If you’re looking for further rate drops from the Bank of Canada before jumping into the real estate market, maybe don’t hold your breath.
On Dec. 10, the Bank of Canada decided to keep its policy interest rate at 2.25%, following two consecutive 25 basis point cuts made in September and October.
The consensus among Canadian economists is that this will more or less be around the rate we see throughout 2026, barring any exceptional political or economic events.
For anyone thinking of buying a home in the new year, or for anyone already carrying a mortgage, this outlook actually signals a moment of relative stability in borrowing costs.
We spoke to Ryan Biln, Economist at the Canadian Real Estate Association (CREA), to get a better understanding as to what the Bank’s decision means for Canadian home buyers, sellers and homeowners.
What should prospective home buyers keep in mind if they are looking to buy in 2026?
The short answer is this: interest rates probably won’t stray too far from where things are now.

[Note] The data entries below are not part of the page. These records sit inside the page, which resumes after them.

text \<open>An m-by-n Sigma^{0,X}_1 formula phi is represented by the Sigma^0_1(X) set S of codes
  of the tuples of finite sets satisfying it: phi(V) iff val_code m n V \<in> S.\<close>
definition holds :: "nat \<Rightarrow> nat \<Rightarrow> nat set \<Rightarrow> (nat \<Rightarrow> nat \<Rightarrow> str set) \<Rightarrow> bool" where
  "holds m n S V \<longleftrightarrow> val_code m n V \<in> S"

definition essential :: "nat \<Rightarrow> nat \<Rightarrow> nat set \<Rightarrow> (nat \<Rightarrow> nat \<Rightarrow> str) \<Rightarrow> bool" where
  "essential m n S M \<longleftrightarrow> (\<forall>s. \<exists>V. valuation m n M V \<and> val_gt m n V s \<and> holds m n S V)"

definition diagonalizes :: "nat \<Rightarrow> nat \<Rightarrow> (nat \<Rightarrow> nat \<Rightarrow> str set) \<Rightarrow> str set \<Rightarrow> str set \<Rightarrow> bool" where
  "diagonalizes m n V A0 A1 \<longleftrightarrow> (\<forall>i<m. \<exists>L<n. \<exists>R<n. V i L \<subseteq> A0 \<and> V i R \<subseteq> A1)"

definition n_fair :: "nat \<Rightarrow> nat set \<Rightarrow> str set \<Rightarrow> str set \<Rightarrow> bool" where
  "n_fair k X A0 A1 \<longleftrightarrow>
     (\<forall>m S M. sigma1_rel X S \<longrightarrow> disjoint_matrix m (2 ^ k * m) M \<longrightarrow> essential m (2 ^ k * m) S M
        \<longrightarrow> (\<exists>V. valuation m (2 ^ k * m) M V \<and> diagonalizes m (2 ^ k * m) V A0 A1
                 \<and> holds m (2 ^ k * m) S V))"

definition fair :: "nat set \<Rightarrow> str set \<Rightarrow> str set \<Rightarrow> bool" where
  "fair X A0 A1 \<longleftrightarrow> (\<exists>k\<ge>1. n_fair k X A0 A1)"

end

theory Submission
  imports Defs "HOL-Library.Countable"
begin

text \<open>\<open>G\<close> is built by Mathias forcing with conditions \<open>(F, Y)\<close>, \<open>F\<close> finite and \<open>Y\<close> infinite
  and \<open>C\<close>-computable; at stage \<open>s\<close> the reservoir is shrunk into \<open>R s\<close> or its complement, which
  gives cohesiveness. By the use principle, the matrix \<open>f\<close> of a \<open>\<Sigma>\<^sub>1\<close> formula \<open>\<phi>\<close> relative
  to \<open>G \<oplus> C\<close> is approximated by a \<open>C\<close>-computable function reading \<open>G \<inter> {..<u}\<close>. Hence the set
  of codes forced into \<open>\<phi>\<close> by some extension of \<open>(F, Y)\<close> is \<open>\<Sigma>\<^sub>1\<close> relative to \<open>C\<close>, and it
  contains all codes satisfying \<open>\<phi>\<close>, so it is essential whenever \<open>\<phi>\<close> is. Fairness of \<open>C\<close>
  then yields a diagonalizing valuation together with an extension forcing it into \<open>\<phi>\<close>, and the
  construction takes that extension.\<close>

section \<open>Closure properties of oracle computability\<close>

text \<open>An \<open>orec\<close> function is only meaningful on argument lists of the right length;
  \<open>computable\<close> forgets its values elsewhere.\<close>

definition computable :: "nat set \<Rightarrow> nat \<Rightarrow> (nat list \<Rightarrow> nat) \<Rightarrow> bool" where
  "computable X n f \<longleftrightarrow> (\<exists>g. orec X n g \<and> (\<forall>xs. length xs = n \<longrightarrow> f xs = g xs))"

lemma orec_imp_computable: "orec X n f \<Longrightarrow> computable X n f"
  unfolding computable_def by blast

lemma computable_cong:
  "computable X n f \<Longrightarrow> (\<And>xs. length xs = n \<Longrightarrow> f xs = f' xs) \<Longrightarrow> computable X n f'"
  unfolding computable_def by metis

lemma computable_zero: "computable X n (\<lambda>_. 0)"
  by (rule orec_imp_computable) (rule orec.zero)

lemma computable_proj: "i < n \<Longrightarrow> computable X n (\<lambda>xs. xs ! i)"
  by (rule orec_imp_computable) (rule orec.proj)

lemma computable_comp:
  assumes g: "computable X m g" and len: "length gs = m" and hs: "\<forall>h\<in>set gs. computable X n h"
  shows "computable X n (\<lambda>xs. g (map (\<lambda>h. h xs) gs))"
proof -
  obtain g0 where g0: "orec X m g0" "\<And>xs. length xs = m \<Longrightarrow> g xs = g0 xs"
    using g unfolding computable_def by blast
  have "\<forall>h\<in>set gs. \<exists>h'. orec X n h' \<and> (\<forall>xs. length xs = n \<longrightarrow> h xs = h' xs)"
    using hs unfolding computable_def by blast
  from bchoice[OF this] obtain impl
    where impl: "\<forall>h\<in>set gs. orec X n (impl h) \<and> (\<forall>xs. length xs = n \<longrightarrow> h xs = impl h xs)"
    by blast
  have "orec X n (\<lambda>xs. g0 (map (\<lambda>h. h xs) (map impl gs)))"
    by (rule orec.comp[OF g0(1)]) (use len impl in auto)
  moreover have "g (map (\<lambda>h. h xs) gs) = g0 (map (\<lambda>h. h xs) (map impl gs))" if "length xs = n" for xs
  proof -
    have "map (\<lambda>h. h xs) gs = map (\<lambda>h. h xs) (map impl gs)"
      using impl that by (auto intro!: map_cong)
    then show ?thesis using g0(2) len by (metis length_map)
  qed
  ultimately show ?thesis unfolding computable_def by blast
qed
(* For a P-periodic configuration x, agreeing with c on x is an open condition in the pointwise
   topology: it is the conjunction of the P conditions d(shift_by i x)(0) = c(x)(i), i < P. *)
lemma openin_agree_at_periodic:
  assumes c: "c \<in> CA" and P: "P > 0" and x: "periodic_conf P x"
  shows "openin pointwise_top {d \<in> CA. d x = c x}"
proof -
  have "{d \<in> CA. d x = c x} = (\<Inter>i \<in> {0..<P}. U_pt (shift_by i x) (c x i))"
  proof (intro equalityI subsetI)
    fix d assume "d \<in> {d \<in> CA. d x = c x}"
    then have "d \<in> CA" "d (shift_by i x) 0 = c x i" for i by (auto simp flip: CA_value_at)
    then show "d \<in> (\<Inter>i \<in> {0..<P}. U_pt (shift_by i x) (c x i))"
      by (simp add: U_pt_def)
  next
    fix d assume d: "d \<in> (\<Inter>i \<in> {0..<P}. U_pt (shift_by i x) (c x i))"
    then have "d \<in> CA" using P by (auto simp: U_pt_def)
    have "d x i = c x i" for i
    proof -
      have "d x i = d (shift_by (i mod P) x) 0" by (rule CA_value_at_periodic[OF \<open>d \<in> CA\<close> x])
      also have "\<dots> = c x (i mod P)" using d P by (simp add: U_pt_def)
      also have "\<dots> = c x i" using CA_periodic[OF c x] by (simp add: periodic_conf_def)
      finally show ?thesis .
    qed
    with \<open>d \<in> CA\<close> show "d \<in> {d \<in> CA. d x = c x}" by blast
  qed
  moreover have "openin pointwise_top (\<Inter>i \<in> {0..<P}. U_pt (shift_by i x) (c x i))"
    using P by (intro openin_Inter) (auto simp: openin_U_pt)
  ultimately show ?thesis by simp
qed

Biln suggests those looking to buy a home next year should focus less on waiting for further rate drops and more on their local market conditions and affordability levels.
For example, if you live in a market with properties sitting on the market longer than normal, you may start to see more bargains.
“Slower activity and higher inventory in some markets and for some property types may give buyers more time and choice compared to certain periods over the last decade,” Biln says.
What will Canadian real estate markets look like in 2026?
Looking at a national level, CREA is forecasting 509,479 home sales in 2026—up 7.7% compared to this year—hitting a level not seen 2021. That amount is still slightly under the 10-year average, however.
The national average home price is forecast to increase by 3.2% from 2025 to $698,622 in 2026. This would mark the sixth straight year where the national average home price has hovered around the $700,000 range.
“Demand will remain strong, driven primarily by Canada’s largest age cohort, those in their late 20s and in their 30s, who continue to enter the housing market and are more willing to relocate from within provinces and between provinces to secure housing,” Biln says.
What if your mortgage is up for renewal in 2026?
The Bank of Canada reports more than 60% of all outstanding mortgages are expected to renew in 2025 and 2026 as many Canadians took advantage of the ultra-low rates being offered back then when we were recovering from pandemic shutdowns.
Those renewals will come with payment increases, as most borrowers tended to opt for five-year fixed mortgages.
“These overall numbers, however, hide large differences between borrowers and between types of products,” the Bank states. “For instance, mortgage holders with a five-year, fixed rate contract renewing in 2025 or 2026 could face an average payment increase of around 15% to 20% compared with their payment in December 2024. Those with variable rates and variable payments could see an average payment decline of around 5% to 7%.”
The classic question: fixed rate mortgage or variable rate mortgage?
Right now, you may qualify for a five-year fixed rate for as low as 3.79%.
Fixed rates have edged slightly higher in recent weeks, and broader economic factors could play a role in where they go next.
Over the past 20 years, variable rates have outperformed fixed rates, except during the early pandemic days.
“Variable rates are now lower than the average five-year fixed,” Biln says. “Looking ahead, it’s hard to tell which would be the better option, but prospective home buyers should carefully weigh the risks and benefits of each mortgage type and term, and choose the best option for their financial situation and risk profile.”
The information discussed in this article should not be taken as financial or legal advice. This article is for informational purposes only.